Stored data
- Opening Delimiter -

lemma eventually_not_all_low_noise:
  assumes "admissible_enum (f k) x" and "finite G" and "k \<notin> G"
    and "finite (\<Inter>(f ` insert k G))"
  shows "\<forall>\<^sub>F n in sequentially. \<exists>i\<in>G. \<not> low_noise f (map x [0..<n]) i"
proof -
  let ?M = "\<Inter>(f ` insert k G)"
  have "inj x"
    using assms(1) unfolding admissible_enum_def by blast
  have "\<forall>\<^sub>F n in sequentially. real (misses (f k) (map x [0..<n])) \<le> 1/4 * real n"
    using assms(1) by (rule misses_eventually_le) simp
  moreover have "\<forall>\<^sub>F n in sequentially. 4 * card ?M < n"
    by (rule eventually_gt_at_top)
  ultimately show ?thesis
  proof eventually_elim
    case (elim n)
    show ?case
    proof (rule ccontr)
      assume "\<not> (\<exists>i\<in>G. \<not> low_noise f (map x [0..<n]) i)"
      then have "(\<Sum>i\<in>G. real (misses (f i) (map x [0..<n]))) \<le> (\<Sum>i\<in>G. real n * (1/2) ^ (i+2))"
        by (intro sum_mono) (simp add: low_noise_def)
      also have "\<dots> = real n * (\<Sum>i\<in>G. (1/2) ^ (i+2))"
        by (rule sum_distrib_left[symmetric])
      also have "\<dots> \<le> real n * (1/2)"
        by (intro mult_left_mono sum_half_powers_le assms(2)) simp
      finally have "(\<Sum>i\<in>G. real (misses (f i) (map x [0..<n]))) \<le> real n * (1/2)" .
      moreover have "n \<le> card ?M + misses (f k) (map x [0..<n]) + (\<Sum>i\<in>G. misses (f i) (map x [0..<n]))"
        using card_le_card_Inter_plus_misses[OF \<open>inj x\<close> _ assms(4), of n] assms(2,3) by simp
      then have "real n \<le> real (card ?M) + real (misses (f k) (map x [0..<n]))
          + (\<Sum>i\<in>G. real (misses (f i) (map x [0..<n])))"
        by (simp flip: of_nat_sum of_nat_add)
      ultimately show False
        using elim by linarith
    qed
  qed
qed

fun greedy_indices :: "(nat \<Rightarrow> bool) \<Rightarrow> (nat \<Rightarrow> nat set) \<Rightarrow> nat \<Rightarrow> nat set" where
  "greedy_indices P f 0 = {}"
| "greedy_indices P f (Suc i) =
     (if P i \<and> infinite (\<Inter>(f ` insert i (greedy_indices P f i)))
      then insert i (greedy_indices P f i) else greedy_indices P f i)"

lemma greedy_indices_subset: "greedy_indices P f n \<subseteq> {i. i < n \<and> P i}"
  by (induction n) auto

lemma finite_greedy_indices: "finite (greedy_indices P f n)"
  using greedy_indices_subset by (rule finite_subset) simp

lemma greedy_indices_Inter_infinite: "infinite (\<Inter>(f ` greedy_indices P f n))"
  by (induction n) auto

lemma greedy_indices_mono: "m \<le> n \<Longrightarrow> greedy_indices P f m \<subseteq> greedy_indices P f n"
  by (induction n) (auto simp: le_Suc_eq)

lemma greedy_indices_memI:
  assumes "k < n" and "P k" and "infinite (\<Inter>(f ` insert k (greedy_indices P f k)))"
  shows "k \<in> greedy_indices P f n"
  using assms greedy_indices_mono[of "Suc k" n P f] by auto

lemma eventually_in_greedy_indices:
  assumes "admissible_enum (f k) x"
  shows "\<forall>\<^sub>F n in sequentially. k \<in> greedy_indices (low_noise f (map x [0..<n])) f n"
proof -
  have "\<forall>G\<in>Pow {..<k}. \<forall>\<^sub>F n in sequentially.
      finite (\<Inter>(f ` insert k G)) \<longrightarrow> (\<exists>i\<in>G. \<not> low_noise f (map x [0..<n]) i)"
  proof
    fix G
    assume "G \<in> Pow {..<k}"
    show "\<forall>\<^sub>F n in sequentially.
        finite (\<Inter>(f ` insert k G)) \<longrightarrow> (\<exists>i\<in>G. \<not> low_noise f (map x [0..<n]) i)"
    proof (cases "finite (\<Inter>(f ` insert k G))")
      case True
      then have "\<forall>\<^sub>F n in sequentially. \<exists>i\<in>G. \<not> low_noise f (map x [0..<n]) i"
        using assms \<open>G \<in> Pow {..<k}\<close>
        by (intro eventually_not_all_low_noise) (auto intro: finite_subset)
      then show ?thesis
        by (rule eventually_mono) simp
    qed simp
  qed
  then have "\<forall>\<^sub>F n in sequentially. \<forall>G\<in>Pow {..<k}.
      finite (\<Inter>(f ` insert k G)) \<longrightarrow> (\<exists>i\<in>G. \<not> low_noise f (map x [0..<n]) i)"
    by (rule eventually_ball_finite[rotated]) simp
  moreover have "\<forall>\<^sub>F n in sequentially. low_noise f (map x [0..<n]) k"
    using assms by (rule eventually_low_noise)
  moreover have "\<forall>\<^sub>F n in sequentially. k < n"
    by (rule eventually_gt_at_top)
  ultimately show ?thesis
  proof eventually_elim
    case (elim n)
    let ?P = "low_noise f (map x [0..<n])"
    have "greedy_indices ?P f k \<in> Pow {..<k}" and "\<forall>i\<in>greedy_indices ?P f k. ?P i"
      using greedy_indices_subset[of ?P f k] by auto
    then have "infinite (\<Inter>(f ` insert k (greedy_indices ?P f k)))"
      using elim(1) by blast
    then show ?case
      using elim(2,3) by (intro greedy_indices_memI)
  qed
qed

definition greedy_generator :: "(nat \<Rightarrow> nat set) \<Rightarrow> nat list \<Rightarrow> nat set" where
  "greedy_generator f xs = \<Inter>(f ` greedy_indices (low_noise f xs) f (length xs)) - set xs"

lemma set_generator_greedy_generator: "set_generator (greedy_generator f)"
  unfolding set_generator_def greedy_generator_def by auto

- Closing Delimiter -

◆ **Work item**: From the records above, extract exactly and only the lines that begin at the line with "in sequentially. real" and stop after the line with "by (intro mult_left_mono".

◆ **Task answer**:
  have "\<forall>\<^sub>F n in sequentially. real (misses (f k) (map x [0..<n])) \<le> 1/4 * real n"
    using assms(1) by (rule misses_eventually_le) simp
  moreover have "\<forall>\<^sub>F n in sequentially. 4 * card ?M < n"
    by (rule eventually_gt_at_top)
  ultimately show ?thesis
  proof eventually_elim
    case (elim n)
    show ?case
    proof (rule ccontr)
      assume "\<not> (\<exists>i\<in>G. \<not> low_noise f (map x [0..<n]) i)"
      then have "(\<Sum>i\<in>G. real (misses (f i) (map x [0..<n]))) \<le> (\<Sum>i\<in>G. real n * (1/2) ^ (i+2))"
        by (intro sum_mono) (simp add: low_noise_def)
      also have "\<dots> = real n * (\<Sum>i\<in>G. (1/2) ^ (i+2))"
        by (rule sum_distrib_left[symmetric])
      also have "\<dots> \<le> real n * (1/2)"
        by (intro mult_left_mono sum_half_powers_le assms(2)) simp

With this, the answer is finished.